Task requirements ▸ Each line of the entries that contains the word "define" adds one. Reply with the resulting number only.

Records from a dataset

BEGIN

lemma gram_det_update_add_smult:
  assumes S: "set S \<subseteq> carrier_vec d" and ij: "i < length S" "j < length S" "i \<noteq> j"
    and y: "y \<in> carrier_vec d"
  shows "gram_det d (S[j := y + c \<cdot>\<^sub>v S ! i]) = gram_det d (S[j := y])"
proof -
  let ?n = "length S"
  define M where "M = mat_of_rows d (S[j := y])"
  define E where "E = (addrow_mat ?n c j i :: real mat)"
  have M: "M \<in> carrier_mat ?n d" unfolding M_def by (metis length_list_update mat_of_rows_carrier(1))
  have E: "E \<in> carrier_mat ?n ?n" unfolding E_def by simp
  have "S ! i \<in> carrier_vec d" using S ij by auto
  then have "mat_of_rows d (S[j := y + c \<cdot>\<^sub>v S ! i]) = addrow c j i M"
    unfolding M_def using ij y by (intro eq_matI) (auto simp: mat_of_rows_index nth_list_update)
  also have "\<dots> = E * M" unfolding E_def using addrow_mat[OF M ij(1)] .
  finally have eq: "mat_of_rows d (S[j := y + c \<cdot>\<^sub>v S ! i]) = E * M" .
  have Mt: "transpose_mat M \<in> carrier_mat d ?n" and Et: "transpose_mat E \<in> carrier_mat ?n ?n"
    using M E by auto
  have "(E * M) * transpose_mat (E * M) = E * M * (transpose_mat M * transpose_mat E)"
    by (simp add: transpose_mult[OF E M])
  also have "\<dots> = E * (M * (transpose_mat M * transpose_mat E))"
    using Mt Et by (intro assoc_mult_mat[OF E M]) auto
  also have "M * (transpose_mat M * transpose_mat E) = M * transpose_mat M * transpose_mat E"
    by (rule assoc_mult_mat[symmetric, OF M Mt Et])
  also have "E * (M * transpose_mat M * transpose_mat E) = E * (M * transpose_mat M) * transpose_mat E"
    using M Mt by (intro assoc_mult_mat[symmetric, OF E _ Et]) auto
  finally have "(E * M) * transpose_mat (E * M) = E * (M * transpose_mat M) * transpose_mat E" .
  then have "gram_det d (S[j := y + c \<cdot>\<^sub>v S ! i]) =
      det E * det (M * transpose_mat M) * det (transpose_mat E)"
    unfolding gram_det_def eq using E M by (simp add: det_mult[of _ ?n])
  also have "\<dots> = det (M * transpose_mat M)"
    using det_transpose[OF E] det_addrow_mat[of j i ?n c] ij unfolding E_def by simp
  finally show ?thesis unfolding gram_det_def M_def .
qed

lemma gram_det_update_add_lin_comb:
  assumes S: "set S \<subseteq> carrier_vec d" and j: "j < length S"
  shows "set vs \<subseteq> set (remove_nth j S) \<Longrightarrow> y \<in> carrier_vec d \<Longrightarrow>
    gram_det d (S[j := y + lin_comb d cs vs]) = gram_det d (S[j := y])"
proof (induction vs arbitrary: cs y)
  case Nil
  then show ?case by simp
next
  case (Cons v vs)
  show ?case
  proof (cases cs)
    case Nil
    with Cons.prems show ?thesis by simp
  next
    case (Cons c cs')
    obtain i where i: "i < length S" "i \<noteq> j" "S ! i = v"
      using in_set_remove_nthE[OF j] Cons.prems by auto
    have carr: "v \<in> carrier_vec d" "set vs \<subseteq> carrier_vec d" "lin_comb d cs' vs \<in> carrier_vec d"
      using Cons.prems S set_remove_nth_subset[of j S] by auto
    have "y + lin_comb d cs (v # vs) = (y + lin_comb d cs' vs) + c \<cdot>\<^sub>v S ! i"
      using Cons i carr(1,3)[THEN carrier_vecD] Cons.prems(2)[THEN carrier_vecD] by (intro eq_vecI) auto
    then have "gram_det d (S[j := y + lin_comb d cs (v # vs)]) =
        gram_det d (S[j := y + lin_comb d cs' vs])"
      using gram_det_update_add_smult[OF S i(1) j i(2), of "y + lin_comb d cs' vs" c] Cons.prems carr
      by simp
    also have "\<dots> = gram_det d (S[j := y])" using Cons.IH Cons.prems by auto
    finally show ?thesis .
  qed
qed

lemma gram_det_update_add_lin_span:
  assumes "set S \<subseteq> carrier_vec d" "j < length S" "y \<in> carrier_vec d"
    and "w \<in> lin_span d (set (remove_nth j S))"
  shows "gram_det d (S[j := y + w]) = gram_det d (S[j := y])"
  using assms(4) gram_det_update_add_lin_comb[OF assms(1-2) _ assms(3)] unfolding lin_span_def by auto

lemma gram_det_update_orthogonal:
  assumes S: "set S \<subseteq> carrier_vec d" and j: "j < length S" and e: "e \<in> carrier_vec d"
    and orth: "\<forall>v\<in>set (remove_nth j S). v \<bullet> e = 0"
  shows "gram_det d (S[j := e]) = gram_det d (remove_nth j S) * (e \<bullet> e)"
proof -
  let ?n = "length S" and ?T = "S[j := e]" and ?R = "remove_nth j S"
  define A where "A = mat ?n ?n (\<lambda>(a, b). ?T ! a \<bullet> ?T ! b)"
  have T: "set ?T \<subseteq> carrier_vec d" using S e by (meson set_update_subsetI)
  have R: "set ?R \<subseteq> carrier_vec d" using S set_remove_nth_subset[of j S] by auto
  have A: "A \<in> carrier_mat ?n ?n" unfolding A_def by simp
  have row_j: "A $$ (j, l) = 0" if l: "l < ?n" "l \<noteq> j" for l
  proof -
    have "S ! l \<in> set ?R" using nth_in_set_remove_nth l by blast
    then show ?thesis
      unfolding A_def using l j orth comm_scalar_prod[OF e] R by auto
  qed
  have "det A = (\<Sum>l<?n. A $$ (j, l) * cofactor A j l)" by (rule laplace_expansion_row[OF A j])
  also have "\<dots> = A $$ (j, j) * cofactor A j j"
    by (rule sum.mono_neutral_right[of "{..<?n}" "{j}", simplified]) (use j row_j in auto)
  also have "cofactor A j j = det (mat_delete A j j)"
    unfolding cofactor_def by (simp add: mult_2[symmetric])
  also have "mat_delete A j j = mat (?n - 1) (?n - 1) (\<lambda>(a, b). ?R ! a \<bullet> ?R ! b)"
    unfolding mat_delete_def A_def using j
    by (intro eq_matI) (auto simp: nth_remove_nth nth_list_update)
  also have "det \<dots> = gram_det d ?R" using gram_det_eq_det_scalar_prods[OF R] j by simp
  finally show ?thesis
    using gram_det_eq_det_scalar_prods[OF T] j unfolding A_def by simp
qed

END

Solution to the exercise ▸ 3